There are, of course, thankfully, exceptions. The “Marbles” piece of Gary Beacom and Gia Guddat is one example: skating on their hands as well as their feet, in identical striped three-quarter bodysuits, they emphasize not sex, but technique and humour. The Duchesnays provide another example: in one piece, they each wear the same simple blue pants-and-shirt outfit, and the choreography has no heterosexual romantic undertone whatsoever, they are simply two skaters on the ice, each as apt to support the other; the piece is about, again not sex, but art and athletics.
[1] This need to differentiate would explain the prevalence of the military theme, the warrior figure, in the men’s solos: I’m not a sissy, I’m a real man, I’m physically strong and emotionally flat, I like to fight. (And kill. So it suddenly occurred to me, when I happened to watch a figure skating competition right after a newscast during the Serbia/Croatia ‘conflict’, what poor taste it was – to act out, on the ice, killing someone, with such pride, such celebration. Especially if there’s a nationalistic edge to the performance, as there often is because of the accompanying music.) (Well, duh. Of course. From toy guns to action movies, it’s not just poor taste, it’s sick – to portray, and to consider, hurting and killing as entertaining.)
Consider too the male habit of thrusting (!) his fist into the air after a successful performance (in any sport), showing this unsettling association of victory with violence, pleasure with power.

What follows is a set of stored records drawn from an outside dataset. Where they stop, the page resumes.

locale admissible_system =
  fixes f :: "real^'d \<Rightarrow> real \<Rightarrow> real^'d" and g :: "real^'d \<Rightarrow> real^'d"
    and F :: "real^'d \<Rightarrow> real \<Rightarrow> real" and G :: "real^'d \<Rightarrow> real" and D :: "real^'d^'d"
  assumes admissible: "vector_admissible f g F G D"
begin

lemma diag: "pos_diag D"
  and f_cube: "x \<in> cube \<Longrightarrow> e \<in> Eset \<Longrightarrow> f x e \<in> cube"
  and g_cube: "x \<in> cube \<Longrightarrow> g x \<in> cube"
  and F_derivative: "e \<in> Eset \<Longrightarrow> x \<in> cube \<Longrightarrow>
        ((\<lambda>y. F y e) has_derivative (\<lambda>h. (f x e v* D) \<bullet> h)) (at x within cube)"
  and G_derivative: "x \<in> cube \<Longrightarrow> (G has_derivative (\<lambda>h. (g x v* D) \<bullet> h)) (at x within cube)"
  and f_C2: "C2_on (cube \<times> Eset) (\<lambda>(x, e). f x e)"
  and g_C2: "C2_on cube g"
  and f_mono: "e \<in> Eset \<Longrightarrow> x \<in> cube \<Longrightarrow> y \<in> cube \<Longrightarrow> x \<le> y \<Longrightarrow> f x e \<le> f y e"
  and g_mono: "x \<in> cube \<Longrightarrow> y \<in> cube \<Longrightarrow> x \<le> y \<Longrightarrow> g x \<le> g y"
  and f_zero_param: "x \<in> cube \<Longrightarrow> f x 0 = 0"
  using admissible unfolding vector_admissible_def by blast+

definition step :: "real \<Rightarrow> real^'d \<Rightarrow> real^'d" where
  "step e y = f (g y) e"

lemma single_iter_Suc: "single_iter f g e x (Suc l) = step e (single_iter f g e x l)"
  by (simp add: single_iter_def step_def)

lemma step_cube: "e \<in> Eset \<Longrightarrow> y \<in> cube \<Longrightarrow> step e y \<in> cube"
  by (simp add: step_def f_cube g_cube)

lemma step_mono: "e \<in> Eset \<Longrightarrow> x \<in> cube \<Longrightarrow> y \<in> cube \<Longrightarrow> x \<le> y \<Longrightarrow> step e x \<le> step e y"
  by (simp add: step_def f_mono g_mono g_cube)

lemma f_continuous:
  assumes "e \<in> Eset"
  shows "continuous_on cube (\<lambda>x. f x e)"
proof -
  have "continuous_on cube (\<lambda>x. (x, e))" by (intro continuous_intros)
  moreover have "(\<lambda>x. (x, e)) ` cube \<subseteq> cube \<times> Eset" using assms by auto
  ultimately show ?thesis
    using continuous_on_compose2[OF C2_on_continuous[OF f_C2], of cube "\<lambda>x. (x, e)"] by simp
qed

lemma step_continuous: "e \<in> Eset \<Longrightarrow> continuous_on cube (step e)"
  unfolding step_def
  using continuous_on_compose2[OF f_continuous C2_on_continuous[OF g_C2]] g_cube by auto

lemma potential_continuous: "e \<in> Eset \<Longrightarrow> continuous_on cube (\<lambda>x. potU g F G D x e)"
proof -
  assume e: "e \<in> Eset"
  have "continuous_on cube (\<lambda>y. F y e)"
    using F_derivative[OF e] by (rule has_derivative_continuous_on)
  then have "continuous_on cube (\<lambda>x. F (g x) e)"
    using continuous_on_compose2[OF _ C2_on_continuous[OF g_C2]] g_cube by auto
  moreover have "continuous_on cube G"
    using G_derivative by (rule has_derivative_continuous_on)
  ultimately show ?thesis unfolding potU_def diag_form[OF diag]
    by (intro continuous_intros C2_on_continuous[OF g_C2])
qed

[2] Consider the fact that women leave the sport (or have to re-learn it) once they reach puberty – i.e., once they actually develop female bodies. As is the case with gymnastics. And track. There have got to be moves that a woman’s body can do, for which hips and breasts and a certain amount of body fat aren’t debilitating. Why haven’t we made sports out of those? Well, we have. But the media, and society, in which men call the shots, don’t put a lot of attention, time, energy, or money into distance swimming. (There, our fat is good – the buoyancy makes it easier. There, our anaerobic superiority is good – we last longer, we finish.) Or synchronized swimming. (Which men simply couldn’t do.) (Or at least couldn’t do very well.) (Or, most importantly, couldn’t do better than women. They don’t have that anaerobic efficiency. They’d drown. And they certainly couldn’t get their legs very high out of the water – what with their poor buoyancy and their top heaviness, they’d be, well, pathetic. And few – only the young ones, the boys – could split them to the horizontal. And anyway, that complete relinquishing of the ego – absolutely no grandstanding, no upstaging, allowed – and that continuous adjustment which requires a sensitivity to others, is beyond them.)